The aquarium is trimmed at least twice a week. Parts of the plants are trimmed from their upper part and part from their lower, all the time trying to maintain a nice flow of colors and density.

*Final Thoughts:*

The tank is constantly changing in plants species and arrangement and I will try to continue and update it on the forum.


----------



## gravy9

Awesome tank. 

Ravi


----------



## Newt

Well, if you dont have a name for your tank yet it should be BLOWN AWAY.
I absolutely love the layout and colors.
Fine work.


----------



## xavierj123

Thanks for numbering the plants, however the printed names are hard to read on my computer screen---for some strange reason.
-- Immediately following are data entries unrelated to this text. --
definition bunch_topology :: "real set \<Rightarrow> nat set \<Rightarrow> ((nat \<Rightarrow> real) \<Rightarrow> 'a::topological_space) topology" where
  "bunch_topology E G = product_topology (\<lambda>_. euclidean) (EG E G)"

definition vine_closed :: "real set \<Rightarrow> 'a::topological_space bunch set \<Rightarrow> bool" where
  "vine_closed E V \<longleftrightarrow> (\<forall>G. finite G \<longrightarrow> closedin (bunch_topology E G) {x. (G, x) \<in> V})"

definition level_topology :: "real set \<Rightarrow> nat \<Rightarrow> 'a::topological_space bunch topology" where
  "level_topology E n = sum_topology (bunch_topology E) {G. finite G \<and> card G = n}"

definition level :: "'a bunch set \<Rightarrow> nat \<Rightarrow> 'a bunch set" where
  "level V n = {c\<in>V. card (fst c) = n}"

definition vine_proj :: "real set \<Rightarrow> 'a bunch \<Rightarrow> 'a bunch" where
  "vine_proj E c = (let G' = fst c - {Max (fst c)} in (G', restrict (snd c) (EG E G')))"

end

theory Submission
  imports Defs
begin
(* Let $R$ be a ring with Jacobson radical $J$, and let $M$ be an RD-regular left $R$-module. Then $JM=0$; and if moreover $R$ is semilocal, then $M$ is semisimple.
   Context: A short exact sequence of left $R$-modules is RD-pure if it remains exact after tensoring with every right module of the form $R/rR$, $r\in R$; a submodule is an RD-submodule if the inclusion gives an RD-pure exact sequence. A left module is RD-regular if all of its submodules are RD-submodules. *)

theory Defs
  imports "HOL-Algebra.Module" "HOL-Algebra.QuotRing"
begin

text \<open>Left modules over a (not necessarily commutative) ring, using the
HOL-Algebra module record (the library locale module requires a commutative ring).\<close>

definition left_module :: "('a, 'c) ring_scheme \<Rightarrow> ('a, 'b, 'd) module_scheme \<Rightarrow> bool" where
  "left_module R M \<longleftrightarrow> ring R \<and> abelian_group M \<and>
     (\<forall>a\<in>carrier R. \<forall>x\<in>carrier M. a \<odot>\<^bsub>M\<^esub> x \<in> carrier M) \<and>
     (\<forall>a\<in>carrier R. \<forall>b\<in>carrier R. \<forall>x\<in>carrier M.
        (a \<oplus>\<^bsub>R\<^esub> b) \<odot>\<^bsub>M\<^esub> x = (a \<odot>\<^bsub>M\<^esub> x) \<oplus>\<^bsub>M\<^esub> (b \<odot>\<^bsub>M\<^esub> x)) \<and>
     (\<forall>a\<in>carrier R. \<forall>x\<in>carrier M. \<forall>y\<in>carrier M.
        a \<odot>\<^bsub>M\<^esub> (x \<oplus>\<^bsub>M\<^esub> y) = (a \<odot>\<^bsub>M\<^esub> x) \<oplus>\<^bsub>M\<^esub> (a \<odot>\<^bsub>M\<^esub> y)) \<and>
     (\<forall>a\<in>carrier R. \<forall>b\<in>carrier R. \<forall>x\<in>carrier M.
        (a \<otimes>\<^bsub>R\<^esub> b) \<odot>\<^bsub>M\<^esub> x = a \<odot>\<^bsub>M\<^esub> (b \<odot>\<^bsub>M\<^esub> x)) \<and>
     (\<forall>x\<in>carrier M. \<one>\<^bsub>R\<^esub> \<odot>\<^bsub>M\<^esub> x = x)"

definition lsubmodule :: "('a, 'c) ring_scheme \<Rightarrow> 'b set \<Rightarrow> ('a, 'b, 'd) module_scheme \<Rightarrow> bool" where
  "lsubmodule R N M \<longleftrightarrow> N \<subseteq> carrier M \<and> \<zero>\<^bsub>M\<^esub> \<in> N \<and>
     (\<forall>x\<in>N. \<forall>y\<in>N. x \<oplus>\<^bsub>M\<^esub> y \<in> N) \<and> (\<forall>x\<in>N. \<ominus>\<^bsub>M\<^esub> x \<in> N) \<and>
     (\<forall>a\<in>carrier R. \<forall>x\<in>N. a \<odot>\<^bsub>M\<^esub> x \<in> N)"

text \<open>RD-submodule: the sequence 0 \<rightarrow> N \<rightarrow> M \<rightarrow> M/N \<rightarrow> 0 stays exact after
applying R/rR \<otimes>_R -. Via the natural isomorphism R/rR \<otimes>_R X \<cong> X/rX, this is
injectivity of the induced map N/rN \<rightarrow> M/rM (right exactness being automatic),
i.e. N \<inter> rM \<subseteq> rN for all r.\<close>

definition rd_submodule :: "('a, 'c) ring_scheme \<Rightarrow> 'b set \<Rightarrow> ('a, 'b, 'd) module_scheme \<Rightarrow> bool" where
  "rd_submodule R N M \<longleftrightarrow> lsubmodule R N M \<and>
     (\<forall>r\<in>carrier R. \<forall>x\<in>N. (\<exists>y\<in>carrier M. x = r \<odot>\<^bsub>M\<^esub> y) \<longrightarrow> (\<exists>z\<in>N. x = r \<odot>\<^bsub>M\<^esub> z))"

definition rd_regular :: "('a, 'c) ring_scheme \<Rightarrow> ('a, 'b, 'd) module_scheme \<Rightarrow> bool" where
  "rd_regular R M \<longleftrightarrow> (\<forall>N. lsubmodule R N M \<longrightarrow> rd_submodule R N M)"

definition semisimple_module :: "('a, 'c) ring_scheme \<Rightarrow> ('a, 'b, 'd) module_scheme \<Rightarrow> bool" where
  "semisimple_module R M \<longleftrightarrow> (\<forall>N. lsubmodule R N M \<longrightarrow>
     (\<exists>N'. lsubmodule R N' M \<and> N \<inter> N' = {\<zero>\<^bsub>M\<^esub>} \<and>
        {x \<oplus>\<^bsub>M\<^esub> y | x y. x \<in> N \<and> y \<in> N'} = carrier M))"

definition left_ideal :: "('a, 'c) ring_scheme \<Rightarrow> 'a set \<Rightarrow> bool" where
  "left_ideal R L \<longleftrightarrow> L \<subseteq> carrier R \<and> \<zero>\<^bsub>R\<^esub> \<in> L \<and>
     (\<forall>x\<in>L. \<forall>y\<in>L. x \<oplus>\<^bsub>R\<^esub> y \<in> L) \<and> (\<forall>x\<in>L. \<ominus>\<^bsub>R\<^esub> x \<in> L) \<and>
     (\<forall>a\<in>carrier R. \<forall>x\<in>L. a \<otimes>\<^bsub>R\<^esub> x \<in> L)"

definition maximal_left_ideal :: "('a, 'c) ring_scheme \<Rightarrow> 'a set \<Rightarrow> bool" where
  "maximal_left_ideal R L \<longleftrightarrow> left_ideal R L \<and> L \<noteq> carrier R \<and>
     (\<forall>L'. left_ideal R L' \<and> L \<subseteq> L' \<longrightarrow> L' = L \<or> L' = carrier R)"

definition jacobson_radical :: "('a, 'c) ring_scheme \<Rightarrow> 'a set" where
  "jacobson_radical R = carrier R \<inter> \<Inter>{L. maximal_left_ideal R L}"

definition semisimple_ring :: "('a, 'c) ring_scheme \<Rightarrow> bool" where
  "semisimple_ring R \<longleftrightarrow> (\<forall>L. left_ideal R L \<longrightarrow>
     (\<exists>L'. left_ideal R L' \<and> L \<inter> L' = {\<zero>\<^bsub>R\<^esub>} \<and>
        {x \<oplus>\<^bsub>R\<^esub> y | x y. x \<in> L \<and> y \<in> L'} = carrier R))"

definition semilocal :: "('a, 'c) ring_scheme \<Rightarrow> bool" where
  "semilocal R \<longleftrightarrow> semisimple_ring (R Quot jacobson_radical R)"

end

theory Submission
  imports Defs
begin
I would love to see the list typed out in another numbered form---if you don't mind----so I can "adore" your work-of-art. It's awesome.


----------



## jazzlvr123

wow how beautiful this is definitely my favorite tank or the month in a very long while AMAZNG job I love dutch tanks with discus


----------



## NeonFlux

Fantastic! I want to try that! Thank you for letting us know what you are made of! Great job!!!


----------



## Tex Gal

Your tank is REALLY beautiful! It's so soft and peaceful looking. I love the colors! The HC on the rock is so amazing. How did you get this to do this? There must be soil up there....


----------



## Newt

What I would like to know is how people control roots forming on stem plants above the soil. Some call these aerial shoots.


----------



## ShayF

Thank you everyone!



xavierj123 said:


> Thanks for numbering the plants, however the printed names are hard to read on my computer screen---for some strange reason. I would love to see the list typed out in another numbered form---if you don't mind----so I can "adore" your work-of-art. It's awesome.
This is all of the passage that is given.